John Robinson Leopold (born February 4, 1943) is an American politician who served in the state legislatures of Hawaii and Maryland and later as a county executive as a Republican. He was convicted of a common law misdemeanor-misconduct in office and served a 30-day sentence in county jail and received a fine. He resigned on February 1, 2013, and was succeeded by Laura Neuman, after a vote by the Anne Arundel County Council.

Life

John Robinson Leopold was born on February 4, 1943, in Philadelphia, Pennsylvania. In 1964 he graduated from Hamilton College with a Bachelor's degree in English. Before moving to Maryland, Leopold was the first Republican elected to the Board of Education in Hawaii, where he served two years. He was also the State Director for Planned Parenthood while in Hawaii.

On June 29, 1967, he was elected as Republican chairman of the 16th Representative District. In 1970 he was elected to the Hawaii House of Representatives and was reelected in 1972.

On January 10, 1977, Mr. Leopold was appointed by President Gerald Ford to the National Title I Advisory Committee for the Education of Disadvantaged Children. On February 25, 1991, Mr. Leopold was appointed by President George Bush to the National Council on Disability and confirmed by the United States Senate.

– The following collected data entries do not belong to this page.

lemma hh_mult_add_left:
  assumes "finite (supp f)" "finite (supp g)" "finite (supp h)"
  shows "hh_mult q (\<lambda>z. f z + g z) h = (\<lambda>z. hh_mult q f h z + hh_mult q g h z)"
proof (rule ext, clarify)
  fix s t
  let ?S = "supp f \<union> supp g"
  have sub: "supp (\<lambda>z. f z + g z) \<subseteq> ?S" by (auto simp: supp_def)
  have "hh_mult q (\<lambda>z. f z + g z) h (s, t) =
      (\<Sum>u\<in>?S. \<Sum>v\<in>supp h. hh_mult_summand q (\<lambda>z. f z + g z) h s t u v)"
    using assms by (intro hh_mult_eq_sum_over sub) auto
  also have "\<dots> =
      (\<Sum>u\<in>?S. \<Sum>v\<in>supp h. hh_mult_summand q f h s t u v + hh_mult_summand q g h s t u v)"
    by (intro sum.cong refl) (simp add: hh_mult_summand_eq distrib_right)
  also have "\<dots> = hh_mult q f h (s, t) + hh_mult q g h (s, t)"
    using assms by (simp add: sum.distrib hh_mult_eq_sum_over[of ?S "supp h"])
  finally show "hh_mult q (\<lambda>z. f z + g z) h (s, t) = hh_mult q f h (s, t) + hh_mult q g h (s, t)" .
qed

text \<open>Gaussian binomial coefficients, via the recursion coming from multiplying by
  y \<otimes> x + 1 \<otimes> y on the left.\<close>
fun qbinom :: "'a::field \<Rightarrow> nat \<Rightarrow> nat \<Rightarrow> 'a" where
  "qbinom q 0 k = (if k = 0 then 1 else 0)"
| "qbinom q (Suc l) k = (if k = 0 then 0 else qbinom q l (k - 1)) + q ^ k * qbinom q l k"

lemma qbinom_eq_0: "l < k \<Longrightarrow> qbinom q l k = 0"
  by (induction l arbitrary: k) auto

lemma qbinom_0_right [simp]: "qbinom q l 0 = 1"
  by (induction l) auto

lemma qbinom_1: "(q - 1) * qbinom q l 1 = q ^ l - 1"
  by (induction l) (simp_all add: algebra_simps)

lemma qbinom_1_nonzero:
  assumes "\<forall>n::nat. n > 0 \<longrightarrow> q ^ n \<noteq> 1" "l > 0"
  shows "qbinom q l 1 \<noteq> 0"
  using qbinom_1[of q l] assms by auto

abbreviation Delta_y :: "(int \<times> nat) \<times> (int \<times> nat) \<Rightarrow> 'a::field" where
  "Delta_y \<equiv> \<lambda>z. hh_bas (0, 1) (1, 0) z + hh_bas (0, 0) (0, 1) z"

text \<open>The q-binomial expansion
  (y \<otimes> x + 1 \<otimes> y)^l = \<Sum>k. qbinom q l k \<cdot> y^k \<otimes> x^k y^(l-k).\<close>
definition Delta_y_pow :: "'a::field \<Rightarrow> nat \<Rightarrow> (int \<times> nat) \<times> (int \<times> nat) \<Rightarrow> 'a" where
  "Delta_y_pow q l = (\<lambda>((a, k), (b, j)).
     if a = 0 \<and> b = int k \<and> k + j = l then qbinom q l k else 0)"
text \<open>A boundary point p = phi(i, u, w) with |w| = 1 is a limit of points outside the neighbourhood:
  otherwise a neighbourhood of p in the sphere lies in N_L, and by invariance of domain its chart
  image would contain a ball around torus_chart(i, u, w), hence points torus_chart(i, u, (1 + d) w)
  outside the image of the solid tori.\<close>

lemma bd_nbhd_subset_exterior:
  fixes \<phi> :: "nat \<times> complex \<times> complex \<Rightarrow> real^4"
  assumes cont: "continuous_on (solid_tori k) \<phi>" and inj: "inj_on \<phi> (solid_tori k)"
    and sph: "\<phi> ` solid_tori k \<subseteq> sphere 0 1"
  shows "bd_nbhd \<phi> k \<subseteq> exterior \<phi> k"
proof
  define \<psi> where "\<psi> = inv_into (solid_tori k) \<phi>"
  fix p assume "p \<in> bd_nbhd \<phi> k"
  then obtain i u w where p: "p = \<phi> (i, u, w)" "i < k" "cmod u = 1" "cmod w = 1"
    by (auto simp: bd_nbhd_def boundary_tori_def)
  have pS: "(i, u, w) \<in> solid_tori k"
    using p by (simp add: solid_tori_def)
  show "p \<in> exterior \<phi> k"
  proof (rule ccontr)
    assume "p \<notin> exterior \<phi> k"
    then obtain e where "e > 0" and "sphere 0 1 \<inter> ball p e \<subseteq> nbhd \<phi> k"
      by (rule sphere_ball_subset_nbhd)
    then have e: "sphere 0 1 \<inter> ball p e \<subseteq> \<phi> ` solid_tori k"
      by (simp add: nbhd_def)
    let ?V = "sphere 0 1 \<inter> ball p e \<inter> \<psi> -` ({i} \<times> UNIV)"
    have "open ((torus_chart \<circ> \<psi>) ` ?V)"
      unfolding \<psi>_def using cont inj _ e by (rule open_torus_chart_image) (simp add: openin_open_Int)
    moreover have "\<psi> p = (i, u, w)"
      using inv_into_f_f[OF inj pS] by (simp add: \<psi>_def p)
    moreover have "p \<in> sphere 0 1 \<inter> ball p e"
      using \<open>e > 0\<close> sph pS by (auto simp: p)
    ultimately have "torus_chart (i, u, w) \<in> (torus_chart \<circ> \<psi>) ` ?V"
      by (metis IntI comp_apply rev_image_eqI UNIV_I mem_Times_iff singletonI fst_conv vimageI)
    with \<open>open ((torus_chart \<circ> \<psi>) ` ?V)\<close> obtain r
      where "r > 0" and r: "ball (torus_chart (i, u, w)) r \<subseteq> (torus_chart \<circ> \<psi>) ` ?V"
      using open_contains_ball by blast
    moreover have "(torus_chart \<circ> \<psi>) ` ?V \<subseteq> torus_chart ` solid_tori k"
      using e unfolding \<psi>_def image_comp[symmetric] by (blast intro: inv_into_into)
    ultimately show False
      using torus_chart_ball_not_subset[OF p(3,4) \<open>r > 0\<close>, of i k] by blast
  qed
qed

locale solid_tori_embedding =
  fixes k :: nat and \<phi> :: "nat \<times> complex \<times> complex \<Rightarrow> real^4"
  assumes cont: "continuous_on (solid_tori k) \<phi>" and inj: "inj_on \<phi> (solid_tori k)"
begin

abbreviation "\<psi> \<equiv> inv_into (solid_tori k) \<phi>"

definition rotate_fibre :: "nat \<times> complex \<times> complex \<Rightarrow> real \<Rightarrow> nat \<times> complex \<times> complex" where
  "rotate_fibre x t = (fst x, fst (snd x), snd (snd x) * cis (2 * pi * t))"

lemma rotate_fibre_boundary_tori: "x \<in> boundary_tori k \<Longrightarrow> rotate_fibre x t \<in> boundary_tori k"
  by (auto simp: rotate_fibre_def boundary_tori_def norm_mult)

lemma rotate_fibre_0 [simp]: "rotate_fibre x 0 = x"
  by (simp add: rotate_fibre_def)

lemma rotate_fibre_1 [simp]: "rotate_fibre x 1 = x"
  by (simp add: rotate_fibre_def complex_eq_iff)

lemma continuous_on_inv_embedding: "continuous_on (\<phi> ` solid_tori k) \<psi>"
  by (rule continuous_on_inv[OF cont compact_solid_tori]) (simp add: inj)

lemma bd_nbhd_subset_nbhd: "bd_nbhd \<phi> k \<subseteq> \<phi> ` solid_tori k"
  using boundary_tori_subset_solid_tori by (auto simp: bd_nbhd_def)

lemma inv_embedding_bd_nbhd:
  assumes "q \<in> bd_nbhd \<phi> k"
  shows "\<psi> q \<in> boundary_tori k"
proof -
  obtain x where x: "x \<in> boundary_tori k" "q = \<phi> x"
    using assms by (auto simp: bd_nbhd_def)
  then have "\<psi> q = x"
    using inv_into_f_f[OF inj] boundary_tori_subset_solid_tori by blast
  then show ?thesis
    using x by simp
qed

lemma embedding_inv_bd_nbhd [simp]: "q \<in> bd_nbhd \<phi> k \<Longrightarrow> \<phi> (\<psi> q) = q"
  using bd_nbhd_subset_nbhd by (auto intro: f_inv_into_f)

lemma meridian_eq: "meridian \<phi> k q = (\<lambda>t. \<phi> (rotate_fibre (\<psi> q) t))"
  by (simp add: meridian_def split_beta rotate_fibre_def)

lemma rotate_fibre_in_bd_nbhd:
  "q \<in> bd_nbhd \<phi> k \<Longrightarrow> \<phi> (rotate_fibre (\<psi> q) t) \<in> bd_nbhd \<phi> k"
  using rotate_fibre_boundary_tori[OF inv_embedding_bd_nbhd] by (simp add: bd_nbhd_def)

lemma path_in_meridian: "q \<in> bd_nbhd \<phi> k \<Longrightarrow> path_in (bd_nbhd \<phi> k) (meridian \<phi> k q)"
  unfolding path_in_def path_def path_image_def meridian_eq
  using rotate_fibre_boundary_tori[OF inv_embedding_bd_nbhd] boundary_tori_subset_solid_tori
    rotate_fibre_in_bd_nbhd
  by (intro conjI continuous_on_compose2[OF cont]) (auto simp: rotate_fibre_def intro!: continuous_intros)

lemma pathstart_meridian: "q \<in> bd_nbhd \<phi> k \<Longrightarrow> pathstart (meridian \<phi> k q) = q"
  by (simp add: meridian_eq pathstart_def)

lemma pathfinish_meridian: "q \<in> bd_nbhd \<phi> k \<Longrightarrow> pathfinish (meridian \<phi> k q) = q"
  by (simp add: meridian_eq pathfinish_def)
lemma homogeneity_defect_change_direction:
  fixes g :: "'a::real_normed_vector \<Rightarrow> 'b::real_normed_vector"
  assumes lip: "l-lipschitz_on (ball xb r) g"
    and "norm u = 1" "norm c = 1" "0 \<le> n" "n < r" "0 \<le> s" "s \<le> 1"
  shows "norm (homogeneity_defect g xb (n *\<^sub>R u) s)
           \<le> norm (homogeneity_defect g xb (n *\<^sub>R c) s) + 2 * l * n * dist c u"
proof -
  have near: "norm (g (xb + t *\<^sub>R u) - g (xb + t *\<^sub>R c)) \<le> l * n * dist c u" if "0 \<le> t" "t \<le> n" for t
  proof -
    have "xb + t *\<^sub>R u \<in> ball xb r" "xb + t *\<^sub>R c \<in> ball xb r"
      using that assms(2-5) by (auto simp: dist_norm)
    then have "norm (g (xb + t *\<^sub>R u) - g (xb + t *\<^sub>R c)) \<le> l * norm ((xb + t *\<^sub>R u) - (xb + t *\<^sub>R c))"
      by (rule lipschitz_on_normD[OF lip])
    also have "norm ((xb + t *\<^sub>R u) - (xb + t *\<^sub>R c)) = t * dist c u"
      using that by (simp add: dist_norm norm_minus_commute flip: scaleR_diff_right)
    also have "l * (t * dist c u) \<le> l * (n * dist c u)"
      using that lipschitz_on_nonneg[OF lip] by (intro mult_left_mono mult_right_mono) auto
    finally show ?thesis by simp
  qed
  have "homogeneity_defect g xb (n *\<^sub>R u) s
      = homogeneity_defect g xb (n *\<^sub>R c) s
        + (g (xb + (s * n) *\<^sub>R u) - g (xb + (s * n) *\<^sub>R c))
        - s *\<^sub>R (g (xb + n *\<^sub>R u) - g (xb + n *\<^sub>R c))"
    by (simp add: homogeneity_defect_def algebra_simps)
  also have "norm \<dots> \<le> norm (homogeneity_defect g xb (n *\<^sub>R c) s) + l * n * dist c u + s * (l * n * dist c u)"
  proof (rule order_trans[OF norm_triangle_ineq4 add_mono], rule order_trans[OF norm_triangle_ineq add_mono])
    show "norm (g (xb + (s * n) *\<^sub>R u) - g (xb + (s * n) *\<^sub>R c)) \<le> l * n * dist c u"
      using near assms(4-7) by (simp add: mult_left_le_one_le)
    show "norm (s *\<^sub>R (g (xb + n *\<^sub>R u) - g (xb + n *\<^sub>R c))) \<le> s * (l * n * dist c u)"
      using mult_left_mono[OF near[of n] \<open>0 \<le> s\<close>] assms(4,6) by simp
  qed simp
  also have "\<dots> \<le> norm (homogeneity_defect g xb (n *\<^sub>R c) s) + 2 * l * n * dist c u"
    using mult_right_mono[OF \<open>s \<le> 1\<close>, of "l * n * dist c u"] lipschitz_on_nonneg[OF lip] \<open>0 \<le> n\<close>
    by simp
  finally show ?thesis .
qed

lemma lipschitz_directionally_differentiable_homogeneous:
  fixes g :: "'a::euclidean_space \<Rightarrow> 'b::real_normed_vector"
  assumes dd: "directionally_differentiable g xb" and lip: "l-lipschitz_on (ball xb r) g"
    and "r > 0" and "\<epsilon> > 0"
  shows "\<exists>\<delta>>0. \<forall>h s. norm h < \<delta> \<longrightarrow> 0 \<le> s \<longrightarrow> s \<le> 1 \<longrightarrow>
           norm (homogeneity_defect g xb h s) \<le> \<epsilon> * norm h"
proof -
  obtain b where b_pos: "\<And>u. b u > 0" and ray: "\<And>u r s. 0 < r \<Longrightarrow> r < b u \<Longrightarrow> 0 \<le> s \<Longrightarrow> s \<le> 1 \<Longrightarrow>
      norm (homogeneity_defect g xb (r *\<^sub>R u) s) \<le> \<epsilon> / 2 * r"
    using directionally_differentiable_ray_homogeneous[OF dd, of "\<epsilon> / 2"] \<open>\<epsilon> > 0\<close> by (metis half_gt_zero)
  define \<rho> where "\<rho> = \<epsilon> / (4 * (l + 1))"
  have "l \<ge> 0" using lip by (rule lipschitz_on_nonneg)
  then have "\<rho> > 0" and "2 * l * \<rho> \<le> \<epsilon> / 2"
    using \<open>\<epsilon> > 0\<close> by (auto simp: \<rho>_def field_simps)
  obtain K where "finite K" "K \<subseteq> sphere (0::'a) 1" and cover: "sphere 0 1 \<subseteq> (\<Union>c\<in>K. ball c \<rho>)"
    using compactE_image[OF compact_sphere, of "sphere (0::'a) 1" "\<lambda>c. ball c \<rho>"] \<open>\<rho> > 0\<close>
    by (metis centre_in_ball open_ball UN_I subsetI)
  define \<delta> where "\<delta> = Min (insert r (b ` K))"
  have "\<delta> > 0" using \<open>finite K\<close> \<open>r > 0\<close> b_pos by (auto simp: \<delta>_def)
  have "norm (homogeneity_defect g xb h s) \<le> \<epsilon> * norm h"
    if "norm h < \<delta>" "0 \<le> s" "s \<le> 1" for h s
  proof (cases "h = 0")
    case False
    define n where "n = norm h"
    define u where "u = h /\<^sub>R n"
    have "n > 0" and "h = n *\<^sub>R u" and "norm u = 1"
      using False by (simp_all add: n_def u_def)
    then obtain c where "c \<in> K" "dist c u < \<rho>" using cover by force
    then have "norm c = 1" "n < b c" "n < r"
      using \<open>K \<subseteq> sphere 0 1\<close> \<open>finite K\<close> \<open>norm h < \<delta>\<close> by (auto simp: \<delta>_def n_def)
    have "norm (homogeneity_defect g xb h s) \<le> norm (homogeneity_defect g xb (n *\<^sub>R c) s) + 2 * l * n * dist c u"
      using homogeneity_defect_change_direction[OF lip \<open>norm u = 1\<close> \<open>norm c = 1\<close>] \<open>h = n *\<^sub>R u\<close>
        \<open>n > 0\<close> \<open>n < r\<close> that by simp
    also have "\<dots> \<le> \<epsilon> / 2 * n + 2 * l * \<rho> * n"
    proof (rule add_mono)
      show "norm (homogeneity_defect g xb (n *\<^sub>R c) s) \<le> \<epsilon> / 2 * n"
        using ray[OF \<open>n > 0\<close> \<open>n < b c\<close>] that by simp
      show "2 * l * n * dist c u \<le> 2 * l * \<rho> * n"
        using mult_left_mono[of "dist c u" \<rho> "2 * l * n"] \<open>dist c u < \<rho>\<close> \<open>l \<ge> 0\<close> \<open>n > 0\<close>
        by (simp add: algebra_simps)
    qed
    also have "\<dots> \<le> \<epsilon> / 2 * n + \<epsilon> / 2 * n"
      using \<open>2 * l * \<rho> \<le> \<epsilon> / 2\<close> \<open>n > 0\<close> by (intro add_left_mono mult_right_mono) auto
    also have "\<dots> = \<epsilon> * n" by simp
    finally show ?thesis by (simp add: n_def)
  qed (simp add: homogeneity_defect_def)
  with \<open>\<delta> > 0\<close> show ?thesis by blast
qed

lemma norm_step_bounds:
  fixes x y xb :: "'a::real_normed_vector"
  assumes "norm (y - xb) \<le> \<eta> * norm (x - xb)"
  shows "(1 - \<eta>) * norm (x - xb) \<le> norm (y - x)" and "norm (y - x) \<le> (1 + \<eta>) * norm (x - xb)"
proof -
  have "y - x = (y - xb) - (x - xb)" by simp
  then show "(1 - \<eta>) * norm (x - xb) \<le> norm (y - x)" "norm (y - x) \<le> (1 + \<eta>) * norm (x - xb)"
    using norm_triangle_ineq4[of "y - xb" "x - xb"] norm_triangle_ineq3[of "x - xb" "y - xb"] assms
    by (auto simp: algebra_simps norm_minus_commute)
qed

lemma gradient_along_step_bound:
  fixes g :: "'a::real_normed_vector \<Rightarrow> 'b::real_normed_vector"
  assumes lip: "l-lipschitz_on (ball xb r) g"
    and hom: "\<And>s. 0 \<le> s \<Longrightarrow> s \<le> 1 \<Longrightarrow>
      norm (homogeneity_defect g xb (x - xb) s) \<le> \<epsilon> * norm (x - xb)"
    and y: "norm (y - xb) \<le> \<eta> * norm (x - xb)" and "\<eta> \<le> 1"
    and "norm (x - xb) < r" and t: "0 \<le> t" "t \<le> 1"
  shows "x + t *\<^sub>R (y - x) \<in> ball xb r"
    and "norm (g (x + t *\<^sub>R (y - x)) - g xb - (1 - t) *\<^sub>R (g x - g xb)) \<le> (\<epsilon> + l * \<eta>) * norm (x - xb)"
proof -
  define n where "n = norm (x - xb)"
  have split: "x + t *\<^sub>R (y - x) = xb + (1 - t) *\<^sub>R (x - xb) + t *\<^sub>R (y - xb)"
    by (simp add: algebra_simps)
  have in_ball: "xb + v \<in> ball xb r \<longleftrightarrow> norm v < r" for v
    by (simp add: dist_norm)
  have "norm ((1 - t) *\<^sub>R (x - xb) + t *\<^sub>R (y - xb)) \<le> (1 - t) * n + t * (\<eta> * n)"
    using norm_triangle_ineq[of "(1 - t) *\<^sub>R (x - xb)" "t *\<^sub>R (y - xb)"] mult_left_mono[OF y \<open>0 \<le> t\<close>] t
    by (simp add: n_def)
  also have "\<dots> \<le> n"
    using mult_right_mono[OF \<open>\<eta> \<le> 1\<close>, of "t * n"] t by (simp add: n_def algebra_simps)
  finally show "x + t *\<^sub>R (y - x) \<in> ball xb r"
    using \<open>norm (x - xb) < r\<close> by (simp only: split add.assoc in_ball n_def)
  moreover have "xb + (1 - t) *\<^sub>R (x - xb) \<in> ball xb r"
    using \<open>norm (x - xb) < r\<close> t mult_left_le_one_le[of n "1 - t"]
    unfolding in_ball n_def by simp
  ultimately have "norm (g (x + t *\<^sub>R (y - x)) - g (xb + (1 - t) *\<^sub>R (x - xb)))
      \<le> l * norm ((x + t *\<^sub>R (y - x)) - (xb + (1 - t) *\<^sub>R (x - xb)))"
    by (rule lipschitz_on_normD[OF lip])
  also have "norm ((x + t *\<^sub>R (y - x)) - (xb + (1 - t) *\<^sub>R (x - xb))) = t * norm (y - xb)"
    using t by (simp add: split)
  also have "l * (t * norm (y - xb)) \<le> l * (\<eta> * n)"
    using lipschitz_on_nonneg[OF lip] t y mult_left_le_one_le[of "norm (y - xb)" t]
    by (intro mult_left_mono) (auto simp: n_def)
  finally have near: "norm (g (x + t *\<^sub>R (y - x)) - g (xb + (1 - t) *\<^sub>R (x - xb))) \<le> l * (\<eta> * n)" .
  have "g (x + t *\<^sub>R (y - x)) - g xb - (1 - t) *\<^sub>R (g x - g xb)
      = (g (x + t *\<^sub>R (y - x)) - g (xb + (1 - t) *\<^sub>R (x - xb)))
        + (g (xb + (1 - t) *\<^sub>R (x - xb)) - g xb - (1 - t) *\<^sub>R (g x - g xb))"
    by simp
  also have "norm \<dots> \<le> l * (\<eta> * n) + \<epsilon> * n"
    using near hom[of "1 - t"] t unfolding n_def homogeneity_defect_def
    by (intro order_trans[OF norm_triangle_ineq add_mono]) auto
  also have "\<dots> = (\<epsilon> + l * \<eta>) * norm (x - xb)"
    by (simp add: n_def algebra_simps)
  finally show "norm (g (x + t *\<^sub>R (y - x)) - g xb - (1 - t) *\<^sub>R (g x - g xb)) \<le> (\<epsilon> + l * \<eta>) * norm (x - xb)" .
qed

Leopold was elected Anne Arundel County Executive on December 4, 2006, after serving 20 years in the Maryland House of Delegates.

Misconduct in office
On March 2, 2012, Leopold was indicted on multiple counts of misconduct in office for using his county-provided police security to investigate political opponents, to remove campaign signs, and to transport him to public places to engage in sexual liaisons with women.

On March 7, 2012, David Holway, President of the International Brotherhood of Police Officers held a press conference in Annapolis to demand the immediate resignation of Leopold and the Chief of Police, James Teare.

On January 29, 2013, Leopold was suspended from office after being found guilty on two counts of misconduct in office. He was subsequently sentenced to a $100,000 fine and two years in jail, with all jail time suspended except 30 days in jail and 30 days under house arrest. He voluntarily resigned from the office of the County Executive.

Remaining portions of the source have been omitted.